=== Section Start ===

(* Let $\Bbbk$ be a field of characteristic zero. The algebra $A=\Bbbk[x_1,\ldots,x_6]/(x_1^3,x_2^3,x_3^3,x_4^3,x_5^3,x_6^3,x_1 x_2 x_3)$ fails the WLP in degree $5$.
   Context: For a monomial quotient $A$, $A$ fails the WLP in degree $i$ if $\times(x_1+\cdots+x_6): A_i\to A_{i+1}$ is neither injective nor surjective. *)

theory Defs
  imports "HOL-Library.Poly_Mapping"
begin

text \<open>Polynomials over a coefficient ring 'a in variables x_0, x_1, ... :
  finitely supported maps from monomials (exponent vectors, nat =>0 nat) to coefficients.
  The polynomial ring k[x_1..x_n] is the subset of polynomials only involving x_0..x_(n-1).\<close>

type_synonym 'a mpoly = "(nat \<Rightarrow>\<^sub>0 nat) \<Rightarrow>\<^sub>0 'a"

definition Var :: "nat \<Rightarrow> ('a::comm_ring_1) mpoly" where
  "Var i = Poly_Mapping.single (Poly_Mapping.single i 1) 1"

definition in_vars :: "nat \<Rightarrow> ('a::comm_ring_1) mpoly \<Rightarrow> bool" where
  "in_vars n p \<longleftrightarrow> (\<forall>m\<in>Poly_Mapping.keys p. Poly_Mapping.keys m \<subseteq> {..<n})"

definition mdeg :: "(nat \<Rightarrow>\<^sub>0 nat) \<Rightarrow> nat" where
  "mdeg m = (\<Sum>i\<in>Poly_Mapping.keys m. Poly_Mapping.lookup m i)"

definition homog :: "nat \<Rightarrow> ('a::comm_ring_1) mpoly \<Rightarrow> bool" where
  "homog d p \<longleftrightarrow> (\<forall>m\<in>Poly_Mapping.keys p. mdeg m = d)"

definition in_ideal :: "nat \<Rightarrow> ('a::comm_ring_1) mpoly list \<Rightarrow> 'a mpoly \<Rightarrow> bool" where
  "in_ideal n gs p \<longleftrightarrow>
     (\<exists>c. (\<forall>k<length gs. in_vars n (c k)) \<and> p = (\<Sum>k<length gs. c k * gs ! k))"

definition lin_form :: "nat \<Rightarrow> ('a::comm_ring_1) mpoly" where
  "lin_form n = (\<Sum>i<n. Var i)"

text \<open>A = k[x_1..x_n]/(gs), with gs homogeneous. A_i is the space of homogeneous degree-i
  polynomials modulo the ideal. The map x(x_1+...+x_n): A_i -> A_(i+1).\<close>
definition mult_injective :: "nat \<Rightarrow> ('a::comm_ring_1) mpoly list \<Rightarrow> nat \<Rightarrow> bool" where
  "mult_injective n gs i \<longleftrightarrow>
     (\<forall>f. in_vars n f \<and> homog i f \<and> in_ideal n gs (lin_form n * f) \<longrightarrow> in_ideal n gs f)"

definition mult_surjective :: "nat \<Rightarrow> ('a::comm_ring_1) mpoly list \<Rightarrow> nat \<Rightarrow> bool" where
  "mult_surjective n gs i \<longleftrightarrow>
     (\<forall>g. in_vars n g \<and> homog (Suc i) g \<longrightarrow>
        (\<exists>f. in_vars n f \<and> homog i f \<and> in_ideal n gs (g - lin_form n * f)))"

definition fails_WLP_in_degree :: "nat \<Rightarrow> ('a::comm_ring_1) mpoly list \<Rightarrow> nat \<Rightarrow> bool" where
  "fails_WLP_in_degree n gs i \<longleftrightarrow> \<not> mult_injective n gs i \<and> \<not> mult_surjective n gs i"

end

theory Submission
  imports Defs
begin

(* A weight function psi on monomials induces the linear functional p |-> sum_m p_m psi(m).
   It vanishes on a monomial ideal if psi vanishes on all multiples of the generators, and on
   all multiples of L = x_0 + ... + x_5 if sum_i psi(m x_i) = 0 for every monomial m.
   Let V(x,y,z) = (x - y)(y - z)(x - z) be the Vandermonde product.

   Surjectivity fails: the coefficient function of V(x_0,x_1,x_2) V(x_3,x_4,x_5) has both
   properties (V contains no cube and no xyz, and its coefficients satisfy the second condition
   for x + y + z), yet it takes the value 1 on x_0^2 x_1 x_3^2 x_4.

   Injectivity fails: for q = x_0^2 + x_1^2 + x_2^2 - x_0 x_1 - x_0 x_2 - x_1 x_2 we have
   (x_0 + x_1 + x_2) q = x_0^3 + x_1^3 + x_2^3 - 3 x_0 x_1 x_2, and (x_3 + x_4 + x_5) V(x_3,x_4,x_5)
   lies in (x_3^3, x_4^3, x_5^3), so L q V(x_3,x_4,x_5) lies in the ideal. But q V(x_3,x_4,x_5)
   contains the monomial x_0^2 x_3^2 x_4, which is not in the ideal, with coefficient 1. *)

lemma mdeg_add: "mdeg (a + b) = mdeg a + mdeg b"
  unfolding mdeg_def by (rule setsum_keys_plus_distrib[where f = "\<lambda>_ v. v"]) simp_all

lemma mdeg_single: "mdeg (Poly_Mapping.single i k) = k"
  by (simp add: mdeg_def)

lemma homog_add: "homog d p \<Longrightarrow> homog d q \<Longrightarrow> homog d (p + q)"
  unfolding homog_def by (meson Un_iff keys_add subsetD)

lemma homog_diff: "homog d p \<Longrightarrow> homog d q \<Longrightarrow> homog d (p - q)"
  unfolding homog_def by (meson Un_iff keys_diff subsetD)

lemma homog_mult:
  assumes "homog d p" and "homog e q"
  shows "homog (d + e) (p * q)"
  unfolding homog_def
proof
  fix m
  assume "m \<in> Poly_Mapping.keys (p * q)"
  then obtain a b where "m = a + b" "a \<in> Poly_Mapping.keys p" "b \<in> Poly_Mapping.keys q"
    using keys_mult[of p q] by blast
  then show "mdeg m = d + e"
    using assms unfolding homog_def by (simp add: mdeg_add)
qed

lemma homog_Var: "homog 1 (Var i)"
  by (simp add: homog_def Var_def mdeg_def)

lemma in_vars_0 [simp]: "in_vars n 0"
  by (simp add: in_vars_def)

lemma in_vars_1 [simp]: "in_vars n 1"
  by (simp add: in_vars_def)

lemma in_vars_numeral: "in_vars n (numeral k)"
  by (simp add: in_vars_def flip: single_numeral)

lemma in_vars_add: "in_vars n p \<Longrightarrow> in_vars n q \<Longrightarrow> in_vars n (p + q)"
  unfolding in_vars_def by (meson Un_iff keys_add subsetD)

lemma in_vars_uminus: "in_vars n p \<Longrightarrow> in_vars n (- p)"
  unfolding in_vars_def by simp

=== Section End ===
=== Section Start ===

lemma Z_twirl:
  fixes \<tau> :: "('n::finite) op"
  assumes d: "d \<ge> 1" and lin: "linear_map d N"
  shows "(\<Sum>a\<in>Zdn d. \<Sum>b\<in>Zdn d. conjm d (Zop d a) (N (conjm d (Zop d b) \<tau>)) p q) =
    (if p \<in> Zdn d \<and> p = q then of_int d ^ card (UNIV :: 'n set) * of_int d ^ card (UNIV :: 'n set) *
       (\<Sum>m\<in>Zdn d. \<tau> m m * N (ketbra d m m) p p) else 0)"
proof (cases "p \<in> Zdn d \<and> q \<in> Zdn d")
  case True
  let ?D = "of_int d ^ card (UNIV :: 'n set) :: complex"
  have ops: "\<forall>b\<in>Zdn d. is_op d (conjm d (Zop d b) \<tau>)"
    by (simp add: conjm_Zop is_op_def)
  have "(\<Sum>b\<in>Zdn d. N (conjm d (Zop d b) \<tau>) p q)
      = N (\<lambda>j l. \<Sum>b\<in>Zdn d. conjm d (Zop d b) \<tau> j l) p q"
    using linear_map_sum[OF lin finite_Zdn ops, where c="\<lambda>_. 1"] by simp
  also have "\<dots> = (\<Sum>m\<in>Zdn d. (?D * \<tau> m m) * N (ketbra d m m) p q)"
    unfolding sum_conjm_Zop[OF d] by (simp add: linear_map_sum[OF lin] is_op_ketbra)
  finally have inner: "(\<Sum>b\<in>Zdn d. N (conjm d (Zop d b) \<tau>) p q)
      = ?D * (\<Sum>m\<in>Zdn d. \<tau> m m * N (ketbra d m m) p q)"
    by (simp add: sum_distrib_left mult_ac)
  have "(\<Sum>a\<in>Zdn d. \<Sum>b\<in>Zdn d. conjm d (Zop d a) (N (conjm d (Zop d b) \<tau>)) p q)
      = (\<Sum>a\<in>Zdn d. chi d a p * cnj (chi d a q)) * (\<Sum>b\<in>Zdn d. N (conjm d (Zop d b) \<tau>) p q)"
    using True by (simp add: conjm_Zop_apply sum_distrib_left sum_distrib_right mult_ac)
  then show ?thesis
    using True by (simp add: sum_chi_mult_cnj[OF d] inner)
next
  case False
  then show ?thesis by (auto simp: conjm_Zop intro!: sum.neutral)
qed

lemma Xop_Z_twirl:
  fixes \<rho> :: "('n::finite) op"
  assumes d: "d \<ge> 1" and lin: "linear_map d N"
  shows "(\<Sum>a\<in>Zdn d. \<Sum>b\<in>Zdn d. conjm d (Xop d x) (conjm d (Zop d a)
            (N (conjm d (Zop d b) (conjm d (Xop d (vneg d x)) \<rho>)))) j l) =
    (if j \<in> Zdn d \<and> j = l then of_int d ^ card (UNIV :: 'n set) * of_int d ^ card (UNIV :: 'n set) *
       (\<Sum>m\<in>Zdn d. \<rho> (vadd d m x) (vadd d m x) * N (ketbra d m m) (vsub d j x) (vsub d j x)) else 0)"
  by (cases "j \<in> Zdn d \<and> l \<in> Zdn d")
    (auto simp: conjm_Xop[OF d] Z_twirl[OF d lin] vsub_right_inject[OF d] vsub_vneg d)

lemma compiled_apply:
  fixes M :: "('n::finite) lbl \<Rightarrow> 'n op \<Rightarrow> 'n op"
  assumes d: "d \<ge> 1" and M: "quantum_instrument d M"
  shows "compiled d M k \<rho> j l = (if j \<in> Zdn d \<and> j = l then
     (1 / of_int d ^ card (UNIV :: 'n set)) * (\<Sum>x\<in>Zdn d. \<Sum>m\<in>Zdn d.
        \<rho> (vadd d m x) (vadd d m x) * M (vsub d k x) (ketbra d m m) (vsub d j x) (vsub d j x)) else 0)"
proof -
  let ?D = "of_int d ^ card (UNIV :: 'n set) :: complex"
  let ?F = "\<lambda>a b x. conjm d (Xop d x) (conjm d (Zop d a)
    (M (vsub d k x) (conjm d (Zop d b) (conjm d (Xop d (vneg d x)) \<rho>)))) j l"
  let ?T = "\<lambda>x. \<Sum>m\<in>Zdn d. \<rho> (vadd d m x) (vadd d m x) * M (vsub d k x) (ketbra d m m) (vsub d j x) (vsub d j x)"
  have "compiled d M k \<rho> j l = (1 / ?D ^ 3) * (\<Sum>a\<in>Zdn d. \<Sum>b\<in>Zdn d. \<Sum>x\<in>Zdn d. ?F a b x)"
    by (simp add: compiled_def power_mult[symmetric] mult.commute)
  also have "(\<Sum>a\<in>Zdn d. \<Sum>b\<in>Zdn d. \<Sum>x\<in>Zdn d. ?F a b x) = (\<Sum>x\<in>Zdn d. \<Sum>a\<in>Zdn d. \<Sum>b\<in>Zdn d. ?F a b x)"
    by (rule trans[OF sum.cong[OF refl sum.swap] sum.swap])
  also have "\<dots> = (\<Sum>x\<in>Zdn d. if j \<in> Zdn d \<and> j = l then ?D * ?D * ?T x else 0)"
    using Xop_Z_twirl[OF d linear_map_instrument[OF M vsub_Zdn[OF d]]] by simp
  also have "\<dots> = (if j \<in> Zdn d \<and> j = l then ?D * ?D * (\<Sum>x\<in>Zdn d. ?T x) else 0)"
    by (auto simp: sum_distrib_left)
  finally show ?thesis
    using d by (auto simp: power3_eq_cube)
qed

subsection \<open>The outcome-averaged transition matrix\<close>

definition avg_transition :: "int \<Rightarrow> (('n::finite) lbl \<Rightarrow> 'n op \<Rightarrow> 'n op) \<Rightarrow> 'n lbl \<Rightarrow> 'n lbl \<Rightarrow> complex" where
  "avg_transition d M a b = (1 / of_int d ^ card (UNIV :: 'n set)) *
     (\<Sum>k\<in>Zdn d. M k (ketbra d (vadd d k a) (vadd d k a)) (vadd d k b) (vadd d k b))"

=== Section End ===
=== Section Start ===

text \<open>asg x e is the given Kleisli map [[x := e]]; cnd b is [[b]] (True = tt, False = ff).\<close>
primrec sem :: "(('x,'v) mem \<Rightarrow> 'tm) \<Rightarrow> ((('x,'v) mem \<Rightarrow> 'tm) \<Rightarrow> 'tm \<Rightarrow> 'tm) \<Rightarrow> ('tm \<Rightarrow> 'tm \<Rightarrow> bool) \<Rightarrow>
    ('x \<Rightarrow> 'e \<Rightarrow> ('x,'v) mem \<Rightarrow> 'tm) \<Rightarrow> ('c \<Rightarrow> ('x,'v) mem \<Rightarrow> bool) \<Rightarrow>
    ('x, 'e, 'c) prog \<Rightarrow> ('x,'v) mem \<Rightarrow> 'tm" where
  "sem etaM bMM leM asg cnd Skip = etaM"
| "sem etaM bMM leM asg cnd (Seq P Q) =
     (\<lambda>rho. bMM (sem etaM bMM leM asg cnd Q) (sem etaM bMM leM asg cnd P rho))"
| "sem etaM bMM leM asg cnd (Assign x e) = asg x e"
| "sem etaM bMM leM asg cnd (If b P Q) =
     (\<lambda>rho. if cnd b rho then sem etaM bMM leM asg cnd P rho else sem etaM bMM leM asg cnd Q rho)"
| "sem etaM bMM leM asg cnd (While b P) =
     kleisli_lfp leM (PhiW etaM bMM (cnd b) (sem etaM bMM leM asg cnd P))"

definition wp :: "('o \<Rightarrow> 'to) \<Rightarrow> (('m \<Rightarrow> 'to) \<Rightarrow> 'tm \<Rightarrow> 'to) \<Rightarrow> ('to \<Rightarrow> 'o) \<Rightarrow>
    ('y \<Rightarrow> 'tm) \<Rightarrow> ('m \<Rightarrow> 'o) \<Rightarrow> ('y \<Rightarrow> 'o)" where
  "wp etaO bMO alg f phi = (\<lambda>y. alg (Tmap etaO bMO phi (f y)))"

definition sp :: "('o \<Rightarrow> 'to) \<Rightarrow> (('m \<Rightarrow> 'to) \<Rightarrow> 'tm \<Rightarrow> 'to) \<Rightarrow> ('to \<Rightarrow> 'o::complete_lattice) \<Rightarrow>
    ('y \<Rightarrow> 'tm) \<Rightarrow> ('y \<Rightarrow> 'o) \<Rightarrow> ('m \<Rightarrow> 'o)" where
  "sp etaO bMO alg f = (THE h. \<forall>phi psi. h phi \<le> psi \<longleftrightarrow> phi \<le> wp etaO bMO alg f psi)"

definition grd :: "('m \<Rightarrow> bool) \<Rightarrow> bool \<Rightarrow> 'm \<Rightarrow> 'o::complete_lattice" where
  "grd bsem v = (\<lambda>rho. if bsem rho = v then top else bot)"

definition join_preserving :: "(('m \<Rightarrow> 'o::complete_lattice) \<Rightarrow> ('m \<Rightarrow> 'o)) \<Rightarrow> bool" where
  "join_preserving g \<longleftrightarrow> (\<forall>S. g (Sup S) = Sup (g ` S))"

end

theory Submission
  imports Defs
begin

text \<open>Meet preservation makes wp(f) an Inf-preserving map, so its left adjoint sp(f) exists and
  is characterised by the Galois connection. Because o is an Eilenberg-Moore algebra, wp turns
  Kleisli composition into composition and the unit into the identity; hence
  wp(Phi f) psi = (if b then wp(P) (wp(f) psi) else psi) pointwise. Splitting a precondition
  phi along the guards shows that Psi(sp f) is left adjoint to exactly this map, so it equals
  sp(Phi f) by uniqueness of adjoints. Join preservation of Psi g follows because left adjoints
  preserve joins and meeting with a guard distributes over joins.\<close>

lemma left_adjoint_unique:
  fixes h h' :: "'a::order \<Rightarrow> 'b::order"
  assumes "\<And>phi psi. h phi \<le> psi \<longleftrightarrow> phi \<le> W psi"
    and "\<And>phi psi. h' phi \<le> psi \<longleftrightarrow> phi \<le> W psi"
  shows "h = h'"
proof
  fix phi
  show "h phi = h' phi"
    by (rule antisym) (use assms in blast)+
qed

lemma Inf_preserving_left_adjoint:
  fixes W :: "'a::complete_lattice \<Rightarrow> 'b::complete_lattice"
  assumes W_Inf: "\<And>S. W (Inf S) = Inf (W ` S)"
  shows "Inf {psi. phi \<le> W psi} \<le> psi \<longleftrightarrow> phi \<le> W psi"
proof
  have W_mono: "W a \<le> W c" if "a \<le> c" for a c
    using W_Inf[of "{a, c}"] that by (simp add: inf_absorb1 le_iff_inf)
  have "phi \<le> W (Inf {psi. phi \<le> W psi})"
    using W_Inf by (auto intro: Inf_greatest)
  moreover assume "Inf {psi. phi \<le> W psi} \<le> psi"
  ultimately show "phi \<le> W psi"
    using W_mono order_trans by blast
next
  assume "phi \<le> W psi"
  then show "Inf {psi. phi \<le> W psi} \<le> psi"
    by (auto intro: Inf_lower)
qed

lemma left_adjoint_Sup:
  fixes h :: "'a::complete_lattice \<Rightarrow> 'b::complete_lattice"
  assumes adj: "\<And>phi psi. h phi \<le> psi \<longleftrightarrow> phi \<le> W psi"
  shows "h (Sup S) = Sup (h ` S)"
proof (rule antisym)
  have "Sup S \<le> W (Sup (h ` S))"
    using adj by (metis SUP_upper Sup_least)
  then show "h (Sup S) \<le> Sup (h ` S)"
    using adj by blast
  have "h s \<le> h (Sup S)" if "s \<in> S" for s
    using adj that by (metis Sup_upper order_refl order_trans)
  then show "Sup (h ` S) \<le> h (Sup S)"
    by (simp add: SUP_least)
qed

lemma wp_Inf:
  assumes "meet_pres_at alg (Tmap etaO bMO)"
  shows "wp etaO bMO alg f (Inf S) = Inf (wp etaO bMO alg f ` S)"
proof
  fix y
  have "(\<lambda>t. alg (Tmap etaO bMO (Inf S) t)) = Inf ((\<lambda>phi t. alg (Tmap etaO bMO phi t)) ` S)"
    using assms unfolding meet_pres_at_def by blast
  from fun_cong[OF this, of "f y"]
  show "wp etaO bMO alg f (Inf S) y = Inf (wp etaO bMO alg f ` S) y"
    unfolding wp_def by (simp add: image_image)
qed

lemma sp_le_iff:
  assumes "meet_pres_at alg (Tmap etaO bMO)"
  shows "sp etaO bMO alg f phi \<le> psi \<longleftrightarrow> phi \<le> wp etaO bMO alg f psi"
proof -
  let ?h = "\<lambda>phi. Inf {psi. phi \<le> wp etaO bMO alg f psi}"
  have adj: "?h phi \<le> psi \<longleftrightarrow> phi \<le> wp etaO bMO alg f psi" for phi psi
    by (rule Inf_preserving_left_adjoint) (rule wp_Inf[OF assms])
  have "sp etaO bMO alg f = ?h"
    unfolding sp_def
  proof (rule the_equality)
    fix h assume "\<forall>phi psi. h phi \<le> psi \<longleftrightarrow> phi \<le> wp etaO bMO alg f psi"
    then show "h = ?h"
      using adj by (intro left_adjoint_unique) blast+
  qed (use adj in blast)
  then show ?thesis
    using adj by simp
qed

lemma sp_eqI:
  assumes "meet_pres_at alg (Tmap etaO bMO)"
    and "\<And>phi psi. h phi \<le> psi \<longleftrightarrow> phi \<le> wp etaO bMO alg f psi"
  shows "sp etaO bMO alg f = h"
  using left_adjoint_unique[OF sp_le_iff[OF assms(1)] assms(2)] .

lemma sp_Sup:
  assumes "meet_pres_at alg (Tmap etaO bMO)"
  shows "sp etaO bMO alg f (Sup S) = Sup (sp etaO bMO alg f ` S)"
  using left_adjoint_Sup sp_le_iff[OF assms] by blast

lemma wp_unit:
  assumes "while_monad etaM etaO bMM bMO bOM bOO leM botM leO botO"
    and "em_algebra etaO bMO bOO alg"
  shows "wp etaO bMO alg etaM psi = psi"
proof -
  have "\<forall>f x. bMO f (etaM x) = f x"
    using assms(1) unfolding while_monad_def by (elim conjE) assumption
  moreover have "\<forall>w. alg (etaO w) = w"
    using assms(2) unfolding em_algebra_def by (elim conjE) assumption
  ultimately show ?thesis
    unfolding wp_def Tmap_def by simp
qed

=== Section End ===

* [TASK DIRECTIONS] What you return must be the lines above that run from the line with "b x. conjm d" to the line with "by (simp add: compiled_def", inclusive, each copied exactly.

* [ANSWER BELOW]
  let ?F = "\<lambda>a b x. conjm d (Xop d x) (conjm d (Zop d a)
    (M (vsub d k x) (conjm d (Zop d b) (conjm d (Xop d (vneg d x)) \<rho>)))) j l"
  let ?T = "\<lambda>x. \<Sum>m\<in>Zdn d. \<rho> (vadd d m x) (vadd d m x) * M (vsub d k x) (ketbra d m m) (vsub d j x) (vsub d j x)"
  have "compiled d M k \<rho> j l = (1 / ?D ^ 3) * (\<Sum>a\<in>Zdn d. \<Sum>b\<in>Zdn d. \<Sum>x\<in>Zdn d. ?F a b x)"
    by (simp add: compiled_def power_mult[symmetric] mult.commute)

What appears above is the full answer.